Data in this exercise:
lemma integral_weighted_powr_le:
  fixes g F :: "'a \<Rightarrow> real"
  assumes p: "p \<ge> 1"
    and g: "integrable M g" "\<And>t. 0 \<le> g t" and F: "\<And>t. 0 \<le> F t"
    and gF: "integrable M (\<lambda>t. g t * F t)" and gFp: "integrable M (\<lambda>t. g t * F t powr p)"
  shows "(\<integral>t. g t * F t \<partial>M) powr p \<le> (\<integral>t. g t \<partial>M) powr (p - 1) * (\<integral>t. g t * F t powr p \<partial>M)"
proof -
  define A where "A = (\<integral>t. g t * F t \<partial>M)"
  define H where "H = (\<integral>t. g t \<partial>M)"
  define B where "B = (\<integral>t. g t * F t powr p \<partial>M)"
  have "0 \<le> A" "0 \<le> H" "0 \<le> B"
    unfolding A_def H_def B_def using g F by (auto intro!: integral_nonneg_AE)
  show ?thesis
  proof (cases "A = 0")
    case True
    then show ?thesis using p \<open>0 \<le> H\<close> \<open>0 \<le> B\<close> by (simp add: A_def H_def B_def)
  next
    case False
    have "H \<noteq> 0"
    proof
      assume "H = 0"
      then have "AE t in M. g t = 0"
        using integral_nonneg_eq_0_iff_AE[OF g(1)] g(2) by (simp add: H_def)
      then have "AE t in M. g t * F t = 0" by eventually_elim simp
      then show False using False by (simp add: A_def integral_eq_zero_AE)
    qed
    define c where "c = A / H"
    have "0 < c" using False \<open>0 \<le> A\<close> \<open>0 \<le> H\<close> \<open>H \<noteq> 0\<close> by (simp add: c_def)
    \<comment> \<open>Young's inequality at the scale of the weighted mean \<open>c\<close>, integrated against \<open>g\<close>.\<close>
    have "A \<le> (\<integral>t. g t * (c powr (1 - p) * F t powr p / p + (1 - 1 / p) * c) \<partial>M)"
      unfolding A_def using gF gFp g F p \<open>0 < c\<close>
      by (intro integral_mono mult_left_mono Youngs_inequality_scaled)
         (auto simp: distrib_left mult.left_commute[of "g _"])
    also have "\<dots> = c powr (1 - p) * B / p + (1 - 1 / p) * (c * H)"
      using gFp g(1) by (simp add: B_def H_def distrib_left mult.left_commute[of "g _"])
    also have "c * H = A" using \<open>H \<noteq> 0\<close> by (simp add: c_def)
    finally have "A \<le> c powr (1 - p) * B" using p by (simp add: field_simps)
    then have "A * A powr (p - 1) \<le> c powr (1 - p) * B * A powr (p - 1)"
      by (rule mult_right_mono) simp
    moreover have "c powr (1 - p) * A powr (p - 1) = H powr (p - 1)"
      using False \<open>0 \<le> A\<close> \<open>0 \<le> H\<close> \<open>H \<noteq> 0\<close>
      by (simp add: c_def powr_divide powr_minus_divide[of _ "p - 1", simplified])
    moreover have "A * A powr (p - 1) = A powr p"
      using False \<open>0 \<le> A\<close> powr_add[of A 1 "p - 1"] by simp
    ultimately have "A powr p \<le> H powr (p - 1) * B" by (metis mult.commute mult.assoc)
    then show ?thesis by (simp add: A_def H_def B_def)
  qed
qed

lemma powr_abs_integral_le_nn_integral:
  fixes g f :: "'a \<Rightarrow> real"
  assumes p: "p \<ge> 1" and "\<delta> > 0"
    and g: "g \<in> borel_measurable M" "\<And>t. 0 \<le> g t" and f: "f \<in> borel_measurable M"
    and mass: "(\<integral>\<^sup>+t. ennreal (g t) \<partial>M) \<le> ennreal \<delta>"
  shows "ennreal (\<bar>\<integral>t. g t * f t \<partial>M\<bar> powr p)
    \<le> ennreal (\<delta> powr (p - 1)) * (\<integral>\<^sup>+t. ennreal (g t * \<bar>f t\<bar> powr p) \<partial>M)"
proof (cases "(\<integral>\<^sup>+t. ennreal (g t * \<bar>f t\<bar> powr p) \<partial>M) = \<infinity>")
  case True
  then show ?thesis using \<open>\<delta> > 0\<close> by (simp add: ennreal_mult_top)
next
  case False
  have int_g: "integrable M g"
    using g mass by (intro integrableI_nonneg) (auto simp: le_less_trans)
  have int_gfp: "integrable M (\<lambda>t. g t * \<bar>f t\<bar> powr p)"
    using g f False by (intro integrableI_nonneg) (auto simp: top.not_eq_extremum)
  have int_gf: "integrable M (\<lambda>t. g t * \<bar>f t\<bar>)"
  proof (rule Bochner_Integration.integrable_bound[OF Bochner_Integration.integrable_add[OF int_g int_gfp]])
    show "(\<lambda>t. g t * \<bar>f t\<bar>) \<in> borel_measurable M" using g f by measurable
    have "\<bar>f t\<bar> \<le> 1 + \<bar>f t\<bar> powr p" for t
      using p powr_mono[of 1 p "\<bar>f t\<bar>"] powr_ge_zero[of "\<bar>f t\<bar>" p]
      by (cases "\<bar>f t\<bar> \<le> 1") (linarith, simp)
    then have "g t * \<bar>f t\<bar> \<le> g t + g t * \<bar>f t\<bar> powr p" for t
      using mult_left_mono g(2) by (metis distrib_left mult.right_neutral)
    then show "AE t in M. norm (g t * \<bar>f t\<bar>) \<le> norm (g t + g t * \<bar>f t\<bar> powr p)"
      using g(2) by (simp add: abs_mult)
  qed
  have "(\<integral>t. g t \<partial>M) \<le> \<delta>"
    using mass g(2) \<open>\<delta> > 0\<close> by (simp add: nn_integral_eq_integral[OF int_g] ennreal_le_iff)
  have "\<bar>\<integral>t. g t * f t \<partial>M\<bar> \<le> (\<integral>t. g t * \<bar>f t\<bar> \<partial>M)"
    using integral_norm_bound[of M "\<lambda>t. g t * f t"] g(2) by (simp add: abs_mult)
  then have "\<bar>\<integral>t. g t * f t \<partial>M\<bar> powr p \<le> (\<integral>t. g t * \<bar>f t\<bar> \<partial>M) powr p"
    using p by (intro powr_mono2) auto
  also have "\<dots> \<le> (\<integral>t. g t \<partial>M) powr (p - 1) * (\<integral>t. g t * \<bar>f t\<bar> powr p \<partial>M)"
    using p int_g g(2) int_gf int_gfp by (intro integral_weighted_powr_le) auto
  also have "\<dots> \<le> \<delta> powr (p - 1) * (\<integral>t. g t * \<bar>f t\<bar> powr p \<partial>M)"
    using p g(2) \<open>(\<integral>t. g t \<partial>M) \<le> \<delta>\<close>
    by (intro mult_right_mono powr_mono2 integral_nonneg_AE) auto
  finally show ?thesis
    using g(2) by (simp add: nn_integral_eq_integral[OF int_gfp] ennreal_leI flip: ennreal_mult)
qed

Exercise directions: Return the entries exactly through the "define B where" line.

Task output:
lemma integral_weighted_powr_le:
  fixes g F :: "'a \<Rightarrow> real"
  assumes p: "p \<ge> 1"
    and g: "integrable M g" "\<And>t. 0 \<le> g t" and F: "\<And>t. 0 \<le> F t"
    and gF: "integrable M (\<lambda>t. g t * F t)" and gFp: "integrable M (\<lambda>t. g t * F t powr p)"
  shows "(\<integral>t. g t * F t \<partial>M) powr p \<le> (\<integral>t. g t \<partial>M) powr (p - 1) * (\<integral>t. g t * F t powr p \<partial>M)"
proof -
  define A where "A = (\<integral>t. g t * F t \<partial>M)"
  define H where "H = (\<integral>t. g t \<partial>M)"
  define B where "B = (\<integral>t. g t * F t powr p \<partial>M)"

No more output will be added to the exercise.